As the market for Mona’s Curryations grew from early adopters who got the frozen skillet meals from Boston’s ethnic markets to new customers who didn’t share Ahmad’s heritage and shopped for their food in supermarkets, Ahmad adapted her offerings to fit the tastes of a wider spectrum of consumers – those who wanted fresh-tasting meals that they could prepare easily at home but who weren’t familiar with the nuances of Ahmad’s Pakistani cuisine.

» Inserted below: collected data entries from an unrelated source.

lemma absorbing_iff_closed:
  assumes "max_strategy K \<rho>" "min_strategy K \<tau>"
  shows "absorbing K \<rho> \<tau> Z \<longleftrightarrow> Z \<subseteq> verts K - sinks K \<and> closed_under K \<rho> \<tau> Z"
proof (intro iffI conjI)
  assume abs: "absorbing K \<rho> \<tau> Z"
  then show Z: "Z \<subseteq> verts K - sinks K" by (simp add: absorbing_def)
  show "closed_under K \<rho> \<tau> Z"
    unfolding closed_under_def
  proof (intro ballI impI)
    fix x y assume x: "x \<in> Z" and y: "y \<in> verts K" and xy: "trans K \<rho> \<tau> x y \<noteq> 0"
    show "y \<in> Z"
    proof (rule ccontr)
      assume "y \<notin> Z"
      have xv: "x \<in> verts K" using x Z by auto
      let ?T = "verts K - Z"
      have "trans K \<rho> \<tau> x y * hit K \<rho> \<tau> ?T 0 y \<le> step_mean K \<rho> \<tau> (hit K \<rho> \<tau> ?T 0) x"
        unfolding step_mean_def using y finite_verts trans_nonneg[OF xv] hit_nonneg
        by (intro member_le_sum) auto
      also have "\<dots> = hit K \<rho> \<tau> ?T (Suc 0) x" using x by (simp add: hit_Suc del: hit.simps(2))
      also have "\<dots> \<le> reach_prob K \<rho> \<tau> ?T x" by (rule hit_le_reach_prob[OF assms xv])
      also have "\<dots> = 0" using abs x by (simp add: absorbing_def)
      finally show False
        using xy trans_nonneg[OF xv, of \<rho> \<tau> y] \<open>y \<notin> Z\<close> y by simp
    qed
  qed
next
  assume Z: "Z \<subseteq> verts K - sinks K \<and> closed_under K \<rho> \<tau> Z"
  have "hit K \<rho> \<tau> (verts K - Z) n x = 0" if "x \<in> Z" for n x
    using that
  proof (induction n arbitrary: x)
    case (Suc n)
    then have "step_mean K \<rho> \<tau> (hit K \<rho> \<tau> (verts K - Z) n) x = 0"
      using Z unfolding step_mean_def closed_under_def by (intro sum.neutral) force
    then show ?case using Suc.prems by (simp add: hit_Suc del: hit.simps(2))
  qed simp
  then show "absorbing K \<rho> \<tau> Z" using Z by (simp add: absorbing_def reach_prob_def limI)
qed

lemma Zst_eq_Union_closed:
  assumes "max_strategy K \<rho>" "min_strategy K \<tau>"
  shows "Zst K \<rho> \<tau> = \<Union>{Z. Z \<subseteq> verts K - sinks K \<and> closed_under K \<rho> \<tau> Z}"
  unfolding Zst_def absorbing_iff_closed[OF assms] ..

lemma trap_strategy_exists:
  assumes "is_trap K \<rho> Z"
  shows "\<exists>\<tau>. min_strategy K \<tau> \<and> closed_under K \<rho> \<tau> Z"
proof -
  obtain \<tau>0 where \<tau>0: "min_strategy K \<tau>0" using min_strategy_exists ..
  define \<tau> where "\<tau> x = (if x \<in> Z then SOME y. y \<in> Z \<and> (x, y) \<in> arcs K else \<tau>0 x)" for x
  have \<tau>_Z: "\<tau> x \<in> Z \<and> (x, \<tau> x) \<in> arcs K" if "x \<in> Z" "kind K x = MinV" for x
  proof -
    have "\<exists>y. y \<in> Z \<and> (x, y) \<in> arcs K" using assms that by (auto simp: is_trap_def)
    then have "(SOME y. y \<in> Z \<and> (x, y) \<in> arcs K) \<in> Z \<and> (x, SOME y. y \<in> Z \<and> (x, y) \<in> arcs K) \<in> arcs K"
      by (rule someI_ex)
    then show ?thesis using that(1) by (simp add: \<tau>_def)
  qed
  have "min_strategy K \<tau>"
    using \<tau>0 \<tau>_Z by (auto simp: min_strategy_def \<tau>_def)
  moreover have "closed_under K \<rho> \<tau> Z"
    unfolding closed_under_def
  proof (intro ballI impI)
    fix x y assume x: "x \<in> Z" and "y \<in> verts K" and xy: "trans K \<rho> \<tau> x y \<noteq> 0"
    then show "y \<in> Z"
      using assms \<tau>_Z[OF x] by (cases "kind K x") (auto simp: trans_def is_trap_def sinks_def split: if_splits)
  qed
  ultimately show ?thesis by blast
qed

end

locale simple_stochastic_game =
  fixes G :: "'v game"
  assumes ssg: "ssg G"

sublocale simple_stochastic_game \<subseteq> stochastic_game G
proof
  note G = ssg[unfolded ssg_def]
  show "finite (verts G)" and arcs: "arcs G \<subseteq> verts G \<times> verts G" using G by blast+
  show "\<exists>y. (x, y) \<in> arcs G" if "x \<in> verts G" "kind G x = MinV" for x
    using G that by (auto simp: outn_def)
  show "0 \<le> prob G x y" if "x \<in> verts G" "kind G x = RandV" "(x, y) \<in> arcs G" for x y
    using G that by (force simp: outn_def)
  show "0 \<le> sval G s" if "s \<in> sinks G" for s using G that by blast
  show "(\<Sum>y\<in>verts G. if (x, y) \<in> arcs G then prob G x y else 0) = 1"
    if "x \<in> verts G" "kind G x = RandV" for x
  proof -
    have "outn G x = {y \<in> verts G. (x, y) \<in> arcs G}" using arcs by (auto simp: outn_def)
    then have "(\<Sum>y\<in>verts G. if (x, y) \<in> arcs G then prob G x y else 0) = (\<Sum>y\<in>outn G x. prob G x y)"
      using G by (simp add: sum.inter_filter)
    also have "\<dots> = 1" using G that by blast
    finally show ?thesis .
  qed
qed

context simple_stochastic_game
begin

lemma closed_imp_is_trap:
  assumes "max_strategy G \<rho>" "min_strategy G \<tau>" "Z \<subseteq> verts G - sinks G" "closed_under G \<rho> \<tau> Z"
  shows "is_trap G \<rho> Z"
  unfolding is_trap_def
proof (intro conjI ballI)
  show "Z \<subseteq> verts G - sinks G" by (rule assms(3))
  fix x assume x: "x \<in> Z"
  have xv: "x \<in> verts G" using x assms(3) by auto
  have succ: "y \<in> Z" if "trans G \<rho> \<tau> x y \<noteq> 0" "y \<in> verts G" for y
    using assms(4) x that by (auto simp: closed_under_def)
  show "kind G x = MaxV \<longrightarrow> \<rho> x \<in> Z"
    using succ[of "\<rho> x"] max_strategy_in_verts[OF assms(1) xv] by (simp add: trans_def)
  show "kind G x = MinV \<longrightarrow> (\<exists>y\<in>Z. (x, y) \<in> arcs G)"
    using succ[of "\<tau> x"] min_strategy_in_verts[OF assms(2) xv] assms(2) xv
    by (auto simp: trans_def min_strategy_def)
  have "0 < prob G x y" if "kind G x = RandV" "(x, y) \<in> arcs G" for y
    using ssg xv that by (auto simp: ssg_def outn_def)
  then show "kind G x = RandV \<longrightarrow> (\<forall>y. (x, y) \<in> arcs G \<longrightarrow> y \<in> Z)"
    using succ arcs_in_verts by (force simp: trans_def)
qed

The Mona’s Curryations line now consists of Chicken Tikka Masala, Palak Paneer, Chickpea Tikka Masala and Tandoori Chicken. They’re made with fresh, natural ingredients, and the meats are halal. The Chickpea Tikka Masala is vegan, and the Tandoori Chicken is dairy free. The 22-ounce packages are intended to serve two with full meal servings, and they include the naan. They retail for about $9.99. “These restaurant-inspired meals are complete with the protein; vegetables; oil; and spices such as turmeric, fenugreek, garam masala and cumin. Everything is mixed in the bag so that you can enjoy the experience of making and eating this cuisine right in the comfort of your home,” Ahmad said. “You just need a skillet or a saucepan. Pour everything in and let it cook for about 10 minutes and warm up the naan. Multi-cooker instructions are also included.”

Ahmad is expecting to have her line ready to roll out into supermarkets this fall, and she expects it to appeal to consumers who are still doing most of their eating at home, whether or not the pandemic continues to rage. She expects the line to launch regionally in New England first, with plans to scale up as distribution and retail arrangements progress.